- [WORK TO BE COMPLETED]:
From the entries below, determine the number of lines that contain "resp". Give that number by itself.

- [MATERIAL FOR THE TASK]:
(* Let $m,n\in\mathbb N$, $M_A=M_m(\mathbb C)$, $M_B=M_n(\mathbb C)$, let $U_A\in M_A$, $U_B\in M_B$ be unitary matrices, and let $\{e_{ij}\}$ be the matrix units of $M_m(\mathbb C)$. For a linear map $\psi:M_A\to M_B$ let $C^U_\psi:=\sum_{i,j=1}^m e_{ij}\otimes\psi(U_Ae_{ij})\in M_A\otimes M_B$ (the Choi $U$-matrix). Then $\psi$ is $(U_A,U_B)$-CP if and only if $C^U_\psi$ is $I_A\otimes U_B$-positive, i.e. $(I_m\otimes U_B^* )C^U_\psi$ is positive semidefinite.
   Context: For $k\in\mathbb N$ and a unitary $U$, write $U^k=\mathrm{diag}(U,\dots,U)$. A linear map $\psi:M_A\to M_B$ is $(U_A,U_B)$-CP if for every $k\in\mathbb N$ and every $V=[V_{ij}]\in M_k(M_A)$ with $(U_A^k)^*V\ge0$, one has $(U_B^k)^*[\psi(V_{ij})]\ge0$. $M_A\otimes M_B$ is identified with block matrices $M_m(M_n(\mathbb C))$. *)

theory Defs
  imports "Jordan_Normal_Form.Matrix"
begin

definition adj :: "complex mat \<Rightarrow> complex mat" where
  "adj A = mat (dim_col A) (dim_row A) (\<lambda>(i,j). cnj (A $$ (j,i)))"

definition unitary_mat :: "nat \<Rightarrow> complex mat \<Rightarrow> bool" where
  "unitary_mat n U \<longleftrightarrow> U \<in> carrier_mat n n \<and> U * adj U = 1\<^sub>m n \<and> adj U * U = 1\<^sub>m n"
lemma comp_seq_uf_uf_plus:
  fixes X :: "'a::metric_space set" and f :: "nat \<Rightarrow> 'a \<Rightarrow> 'a"
  assumes "compact X" and fX: "\<And>n. n \<ge> 1 \<Longrightarrow> f n ` X \<subseteq> X"
    and "\<phi> ` X \<subseteq> X" and "continuous_on X \<phi>" and "uniform_limit X f \<phi> sequentially"
    and r: "free_ultrafilter_nat r" and p: "free_ultrafilter_nat p" and "x \<in> X"
  shows "comp_seq_uf f (uf_plus r p) x = iter_uf \<phi> p (comp_seq_uf f r x)"
proof -
  define y where "y = comp_seq_uf f r x"
  have y: "y \<in> X" "((\<lambda>m. comp_seq f m x) \<longlongrightarrow> y) (uf_filter r)"
    using rlim_in_compact[OF r \<open>compact X\<close> comp_seq_mem[OF fX \<open>x \<in> X\<close>]]
    unfolding y_def comp_seq_uf_def by simp_all
  have "(\<phi> ^^ n) y \<in> X" for n
    using \<open>\<phi> ` X \<subseteq> X\<close> \<open>y \<in> X\<close> by (induction n) auto
  then have "((\<lambda>n. (\<phi> ^^ n) y) \<longlongrightarrow> iter_uf \<phi> p y) (uf_filter p)"
    using rlim_in_compact[OF p \<open>compact X\<close>, of "\<lambda>n. (\<phi> ^^ n) y"] unfolding iter_uf_def by blast
  moreover have "((\<lambda>m. comp_seq f (m + n) x) \<longlongrightarrow> (\<phi> ^^ n) y) (uf_filter r)" for n
    using tendsto_comp_seq_shift[OF fX assms(3-5) uf_filter_le_sequentially[OF r] \<open>x \<in> X\<close> y] .
  ultimately have "((\<lambda>k. comp_seq f k x) \<longlongrightarrow> iter_uf \<phi> p y) (uf_filter (uf_plus r p))"
    by (intro tendsto_uf_plus[OF r p])
  then show ?thesis
    unfolding y_def comp_seq_uf_def by (rule rlim_eqI[OF free_ultrafilter_nat_uf_plus[OF r p]])
qed

theorem corollary3p13:
  fixes X :: "'a::metric_space set" and f :: "nat \<Rightarrow> 'a \<Rightarrow> 'a" and \<phi> :: "'a \<Rightarrow> 'a"
    and p :: "nat set set"
  assumes "compact X"
    and "\<And>n. n \<ge> 1 \<Longrightarrow> continuous_on X (f n)"
    and "\<And>n. n \<ge> 1 \<Longrightarrow> f n ` X \<subseteq> X"
    and "\<phi> ` X \<subseteq> X"
    and "uniform_limit X f \<phi> sequentially"
    and "free_ultrafilter_nat p"
    and "uf_plus p p = p"
  shows "\<forall>q. free_ultrafilter_nat q \<longrightarrow> (\<forall>x\<in>X.
           iter_uf \<phi> p (comp_seq_uf f (uf_plus q p) x) = comp_seq_uf f (uf_plus (uf_plus q p) p) x
         \<and> comp_seq_uf f (uf_plus (uf_plus q p) p) x = comp_seq_uf f (uf_plus q p) x)"
proof (intro allI impI ballI)
  fix q x assume q: "free_ultrafilter_nat q" and "x \<in> X"
  have "eventually (\<lambda>n. continuous_on X (f n)) sequentially"
    using assms(2) unfolding eventually_sequentially by blast
  then have "continuous_on X \<phi>"
    using uniform_limit_theorem[OF _ assms(5)] by simp
  then have "comp_seq_uf f (uf_plus (uf_plus q p) p) x = iter_uf \<phi> p (comp_seq_uf f (uf_plus q p) x)"
    using comp_seq_uf_uf_plus[OF assms(1,3,4) _ assms(5) free_ultrafilter_nat_uf_plus[OF q assms(6)]
        assms(6) \<open>x \<in> X\<close>]
    by blast
  moreover have "uf_plus (uf_plus q p) p = uf_plus q p"
    by (simp add: uf_plus_assoc assms(7))
  ultimately show "iter_uf \<phi> p (comp_seq_uf f (uf_plus q p) x) = comp_seq_uf f (uf_plus (uf_plus q p) p) x
         \<and> comp_seq_uf f (uf_plus (uf_plus q p) p) x = comp_seq_uf f (uf_plus q p) x"
    by simp
qed

end
(* Let $2\le r_1<r_2$ be integers, let $T\in\mathfrak{F}(n)$ and let $\lambda=\rho(T)$. Put $\theta=\frac{-\lambda-\sqrt{\lambda^2-4}}{2}$ and $a_2=-\lambda+\frac{1}{\lambda}$. For a real $r\ge 2$ define the sequence $z_1(r)=-\lambda-\frac{r}{a_2}$, $z_{j+1}(r)=-\lambda-\frac{1}{z_j(r)}$ for $j\ge1$. Then: (a) $z_j(r)=\theta+\frac{\theta^{-1}-\theta}{\beta(\theta^2)^j+1}$, where $\beta=\beta(r)=\frac{r-a_2\theta}{a_2\theta-r\theta^2}$; (b) $\beta(r)$ is a continuous function of $r$ on $(2,\infty)\setminus\{r_*\}$, where $r_*=\frac{a_2}{\theta}$; moreover $\beta(r)$ has a single root, at $r^*=a_2\theta$, and $\beta(r)>0$ for $r\in(r_*,r^* )$; (c) for $r\in\{r_1,r_2\}$, the sequence $(z_j(r))_{j\ge1}$ satisfies $z_j(r)<0$ for all $j\ge1$, is decreasing, and $\lim_{j\to\infty}z_j(r)=\theta$.
   Context: $\rho(G)$ denotes the spectral radius (largest eigenvalue of the adjacency matrix) of a graph $G$. For integers $h,q_1,q_2\ge 2$ and fixed integers $2\le r_1<r_2$, the tree $[h,q_1,q_2]$ is constructed as follows: take a vertex $u$; attach to $u$ a pendant path with $h$ edges; attach to $u$ a path with $q_1$ edges ending at a vertex $v_1$, and attach to $v_1$ exactly $r_1$ pendant paths with $2$ edges each; attach to $u$ a path with $q_2$ edges ending at a vertex $v_2$, and attach to $v_2$ exactly $r_2$ pendant paths with $2$ edges each. It has $n=1+h+q_1+q_2+2(r_1+r_2)$ vertices. $\mathfrak{F}(n)$ is the set of all such trees $[h,q_1,q_2]$ with $h,q_1,q_2\ge2$ and $h+q_1+q_2=n-1-2(r_1+r_2)$. *)

theory Defs
  imports Complex_Main "Jordan_Normal_Form.Char_Poly"
begin

text \<open>Vertex 0 is u; vertices 1..h form the
  pendant path of h edges; u, h+1, ..., h+q1 is the path of q1 edges ending at
  v1 = h+q1; u, h+q1+1, ..., h+q1+q2 is the path of q2 edges ending at
  v2 = h+q1+q2; the remaining vertices form the r1 (resp. r2) pendant paths
  of 2 edges attached at v1 (resp. v2).\<close>

definition tree_order :: "nat \<Rightarrow> nat \<Rightarrow> nat \<Rightarrow> nat \<Rightarrow> nat \<Rightarrow> nat" where
  "tree_order r1 r2 h q1 q2 = 1 + h + q1 + q2 + 2 * (r1 + r2)"

definition tree_edges :: "nat \<Rightarrow> nat \<Rightarrow> nat \<Rightarrow> nat \<Rightarrow> nat \<Rightarrow> (nat \<times> nat) set" where
  "tree_edges r1 r2 h q1 q2 =
    (let v1 = h + q1; v2 = h + q1 + q2; b1 = h + q1 + q2 + 1; b2 = h + q1 + q2 + 1 + 2 * r1;
         p1 = (\<lambda>i. if i = 0 then 0 else h + i);
         p2 = (\<lambda>i. if i = 0 then 0 else h + q1 + i)
     in {(i, Suc i) | i. i < h}
      \<union> {(p1 i, p1 (Suc i)) | i. i < q1}
      \<union> {(p2 i, p2 (Suc i)) | i. i < q2}
      \<union> {(v1, b1 + 2 * k) | k. k < r1} \<union> {(b1 + 2 * k, b1 + 2 * k + 1) | k. k < r1}
      \<union> {(v2, b2 + 2 * k) | k. k < r2} \<union> {(b2 + 2 * k, b2 + 2 * k + 1) | k. k < r2})"

definition tree_adj :: "nat \<Rightarrow> nat \<Rightarrow> nat \<Rightarrow> nat \<Rightarrow> nat \<Rightarrow> real mat" where
  "tree_adj r1 r2 h q1 q2 =
    mat (tree_order r1 r2 h q1 q2) (tree_order r1 r2 h q1 q2)
      (\<lambda>(i, j). if (i, j) \<in> tree_edges r1 r2 h q1 q2 \<or> (j, i) \<in> tree_edges r1 r2 h q1 q2
                then 1 else 0)"

definition largest_eigenvalue :: "real mat \<Rightarrow> real" where
  "largest_eigenvalue A = Max {x. eigenvalue A x}"

text \<open>The sequence z_j(r), indexed from j = 1 (the value at index 0 is unused).\<close>
fun zseq :: "real \<Rightarrow> real \<Rightarrow> real \<Rightarrow> nat \<Rightarrow> real" where
  "zseq lam a2 r 0 = 0"
| "zseq lam a2 r (Suc 0) = - lam - r / a2"
| "zseq lam a2 r (Suc (Suc j)) = - lam - 1 / zseq lam a2 r (Suc j)"

end

theory Submission
  imports Defs
begin

text \<open>
  Write \<lambda> = q + 1/q with q > 1, so that \<theta> = -q.  The map z \<mapsto> -\<lambda> - 1/z is linearised
  by a Moebius change of coordinates sending its fixed points \<theta> and 1/\<theta> to 0 and \<infinity>; this
  gives the closed form (a).  Since \<beta>(r) = (r - r^*)/(\<theta>^2 (r_* - r)), part (b) is elementary,
  and when \<beta>(r) > 0 the closed form shows at once that z_j is negative, decreasing and tends
  to \<theta>.  So (c) reduces to r_* < 2 \<le> r1 < r2 < r^*, and the only non-trivial inequality is
  r2 < r^* = q^2 + 1/(q^2 + 1), a lower bound for the spectral radius.

  That bound comes from explicit eigenvectors.  Along each branch at u an eigenvector for
  L = p + 1/p satisfies x_(k+1) = L x_k - x_(k-1) and is determined by its values at the far
  end; the three branches fit together at u exactly when a defect, polynomial in L,
  vanishes.  For the p_0 > 1 with p_0^2 + 1/(p_0^2 + 1) = r2 the branch at v2 decays exactly
  geometrically, which makes the defect positive, while it is negative for large p.  Hence
  some p > p_0 yields an eigenvalue p + 1/p \<le> \<lambda>, and therefore q > p_0.
\<close>

section \<open>Three-term recurrences\<close>

fun cheb_seq :: "real \<Rightarrow> real \<Rightarrow> real \<Rightarrow> nat \<Rightarrow> real" where
  "cheb_seq L a b 0 = a"
| "cheb_seq L a b (Suc 0) = b"
| "cheb_seq L a b (Suc (Suc k)) = L * cheb_seq L a b (Suc k) - cheb_seq L a b k"

lemma cheb_seq_neighbours:
  assumes "1 \<le> m"
  shows "cheb_seq L a b (m + 1) + cheb_seq L a b (m - 1) = L * cheb_seq L a b m"
proof -
  obtain k where "m = Suc k" using assms by (cases m) auto
  then show ?thesis by simp
qed

lemma cheb_seq_pos_ratio:
  assumes p: "0 < p" "p + 1 / p \<le> L" and ab: "0 < a" "a \<le> p * b"
  shows "0 < cheb_seq L a b k \<and> cheb_seq L a b k \<le> p * cheb_seq L a b (Suc k)"
proof (induction k)
  case 0
  then show ?case using ab by simp
next
  case (Suc k)
  let ?x = "cheb_seq L a b k" and ?y = "cheb_seq L a b (Suc k)"
  have x: "0 < ?x" "?x \<le> p * ?y" using Suc by auto
  then have y: "0 < ?y" using p by (metis order_less_le_trans zero_less_mult_pos)
  have "1 \<le> p * (L - p)"
    using mult_left_mono[OF p(2), of p] p(1) by (simp add: algebra_simps)
  then have "?y \<le> p * (L - p) * ?y" using y by simp
  also have "\<dots> = p * (L * ?y - p * ?y)" by (simp add: algebra_simps)
  also have "\<dots> \<le> p * (L * ?y - ?x)" using x p by (intro mult_left_mono) auto
  finally show ?case using y by simp
qed

lemma cheb_seq_geometric:
  assumes "p \<noteq> 0" and "p + 1 / p = L" and "a = p * b"
  shows "cheb_seq L a b k = p * cheb_seq L a b (Suc k)"
proof (induction k)
  case 0
  then show ?case using assms(3) by simp
next
  case (Suc k)
  let ?y = "cheb_seq L a b (Suc k)"
  have "p * (L * ?y - p * ?y) = (p * L - p * p) * ?y" by (simp add: algebra_simps)
  also have "p * L - p * p = 1" using assms(1,2) by (auto simp: field_simps)
  finally show ?case using Suc by simp
qed

lemma cheb_seq_le_mult:
  assumes "0 \<le> cheb_seq L a b (m - 1)" and "1 \<le> m"
  shows "cheb_seq L a b (Suc m) \<le> L * cheb_seq L a b m"
  using cheb_seq_neighbours[OF assms(2), of L a b] assms(1) by simp

lemma continuous_on_cheb_seq [continuous_intros]:
  assumes "continuous_on S L" "continuous_on S A" "continuous_on S B"
  shows "continuous_on S (\<lambda>x. cheb_seq (L x) (A x) (B x) k)"
proof -
  have "continuous_on S (\<lambda>x. cheb_seq (L x) (A x) (B x) k)
      \<and> continuous_on S (\<lambda>x. cheb_seq (L x) (A x) (B x) (Suc k))"
    by (induction k) (use assms in \<open>auto intro!: continuous_intros\<close>)
  then show ?thesis ..
qed

text \<open>
  An eigenvector for L on a path ending in a leaf, scaled to 1 at the leaf, takes the value
  pendant_seq L k at distance k from the leaf.  On a path ending in a vertex that carries r
  pendant paths of length 2 (with values L at their middle vertices and 1 at their leaves) it
  takes the value branch_seq L r k at distance k from that vertex.
\<close>

definition pendant_seq :: "real \<Rightarrow> nat \<Rightarrow> real" where
  "pendant_seq L = cheb_seq L 1 L"

definition branch_seq :: "real \<Rightarrow> real \<Rightarrow> nat \<Rightarrow> real" where
  "branch_seq L r = cheb_seq L (L\<^sup>2 - 1) (L * (L\<^sup>2 - 1) - r * L)"

lemma pendant_seq_simps [simp]: "pendant_seq L 0 = 1" "pendant_seq L (Suc 0) = L"
  by (simp_all add: pendant_seq_def)

lemma branch_seq_simps [simp]:
  "branch_seq L r 0 = L\<^sup>2 - 1" "branch_seq L r (Suc 0) = L * (L\<^sup>2 - 1) - r * L"
  by (simp_all add: branch_seq_def)

lemma pendant_seq_neighbours:
  "1 \<le> m \<Longrightarrow> pendant_seq L (m + 1) + pendant_seq L (m - 1) = L * pendant_seq L m"
  unfolding pendant_seq_def by (rule cheb_seq_neighbours)

lemma branch_seq_neighbours:
  "1 \<le> m \<Longrightarrow> branch_seq L r (m + 1) + branch_seq L r (m - 1) = L * branch_seq L r m"
  unfolding branch_seq_def by (rule cheb_seq_neighbours)

text \<open>
  Three branches meet at a root; on the one carrying the sequence x (of length a) the root has
  value x a and its neighbour x (a - 1), and likewise for y, b and z, c.  After scaling the
  branches to the common root value x a * y b * z c, the glued vector satisfies the eigenvalue
  equation at the root iff root_defect vanishes.
\<close>

definition root_defect ::
    "real \<Rightarrow> (nat \<Rightarrow> real) \<Rightarrow> nat \<Rightarrow> (nat \<Rightarrow> real) \<Rightarrow> nat \<Rightarrow> (nat \<Rightarrow> real) \<Rightarrow> nat \<Rightarrow> real" where
  "root_defect L x a y b z c =
     x (a - 1) * y b * z c + x a * y (b - 1) * z c + x a * y b * z (c - 1) - L * (x a * y b * z c)"

definition tree_defect :: "nat \<Rightarrow> nat \<Rightarrow> nat \<Rightarrow> nat \<Rightarrow> nat \<Rightarrow> real \<Rightarrow> real" where
  "tree_defect r1 r2 h q1 q2 L = root_defect L (pendant_seq L) h (branch_seq L r1) q1 (branch_seq L r2) q2"

section \<open>Eigenvectors of the tree\<close>

lemma mem_path_edges:
  fixes s q :: nat
  defines "p \<equiv> \<lambda>i. if i = 0 then 0 else s + i"
  shows "(a, b) \<in> {(p i, p (Suc i)) | i. i < q}
    \<longleftrightarrow> (a = 0 \<and> b = s + 1 \<and> 0 < q) \<or> (s + 1 \<le> a \<and> a < s + q \<and> b = a + 1)"
proof
  assume "(a, b) \<in> {(p i, p (Suc i)) | i. i < q}"
  then obtain i where "i < q" "a = p i" "b = s + Suc i" unfolding p_def by auto
  then show "(a = 0 \<and> b = s + 1 \<and> 0 < q) \<or> (s + 1 \<le> a \<and> a < s + q \<and> b = a + 1)"
    unfolding p_def by (cases "i = 0") auto
next
  assume "(a = 0 \<and> b = s + 1 \<and> 0 < q) \<or> (s + 1 \<le> a \<and> a < s + q \<and> b = a + 1)"
  then show "(a, b) \<in> {(p i, p (Suc i)) | i. i < q}"
    unfolding p_def by (elim disjE) (auto intro!: exI[of _ 0] exI[of _ "a - s"])
qed

lemma mem_star_edges:
  fixes a b c v r :: nat
  shows "(a, b) \<in> {(v, c + 2 * k) | k. k < r} \<longleftrightarrow> a = v \<and> c \<le> b \<and> b < c + 2 * r \<and> even (b - c)"
  by (auto intro!: exI[of _ "(b - c) div 2"])

lemma mem_matching_edges:
  fixes a b c r :: nat
  shows "(a, b) \<in> {(c + 2 * k, c + 2 * k + 1) | k. k < r} \<longleftrightarrow> c \<le> a \<and> a < c + 2 * r \<and> even (a - c) \<and> b = a + 1"
  by (auto intro!: exI[of _ "(a - c) div 2"])

definition tree_adjacent :: "nat \<Rightarrow> nat \<Rightarrow> nat \<Rightarrow> nat \<Rightarrow> nat \<Rightarrow> nat \<Rightarrow> nat \<Rightarrow> bool" where
  "tree_adjacent r1 r2 h q1 q2 i j \<longleftrightarrow>
     (i, j) \<in> tree_edges r1 r2 h q1 q2 \<or> (j, i) \<in> tree_edges r1 r2 h q1 q2"

lemma eigenvalue_tree_adjI:
  fixes r1 r2 h q1 q2 :: nat and f :: "nat \<Rightarrow> real"
  defines "n \<equiv> tree_order r1 r2 h q1 q2"
  assumes eq: "\<And>i. i < n \<Longrightarrow> (\<Sum>j | j < n \<and> tree_adjacent r1 r2 h q1 q2 i j. f j) = l * f i"
    and "i0 < n" and "f i0 \<noteq> 0"
  shows "eigenvalue (tree_adj r1 r2 h q1 q2) l"
proof -
  let ?A = "tree_adj r1 r2 h q1 q2" and ?v = "vec n f"
  have A: "?A \<in> carrier_mat n n" unfolding tree_adj_def n_def by simp
  have "?A *\<^sub>v ?v = l \<cdot>\<^sub>v ?v"
  proof (rule eq_vecI)
    fix i assume "i < dim_vec (l \<cdot>\<^sub>v ?v)"
    then have i: "i < n" by simp
    have "(?A *\<^sub>v ?v) $ i = (\<Sum>j = 0..<n. ?A $$ (i, j) * f j)"
      using A i by (simp add: scalar_prod_def)
    also have "\<dots> = (\<Sum>j = 0..<n. if tree_adjacent r1 r2 h q1 q2 i j then f j else 0)"
      using i unfolding tree_adj_def n_def tree_adjacent_def by (intro sum.cong) auto
    also have "\<dots> = (\<Sum>j | j < n \<and> tree_adjacent r1 r2 h q1 q2 i j. f j)"
      by (subst sum.inter_filter[symmetric]) (auto intro: sum.cong)
    also have "\<dots> = l * f i" using eq[OF i] .
    finally show "(?A *\<^sub>v ?v) $ i = (l \<cdot>\<^sub>v ?v) $ i" using i by simp
  qed (use A in simp)
  moreover have "?v \<noteq> 0\<^sub>v n" using assms(3,4) by (metis index_vec index_zero_vec(1))
  ultimately show ?thesis unfolding eigenvalue_def eigenvector_def using A by (intro exI[of _ ?v]) auto
qed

- [WRITTEN REPLY]:
2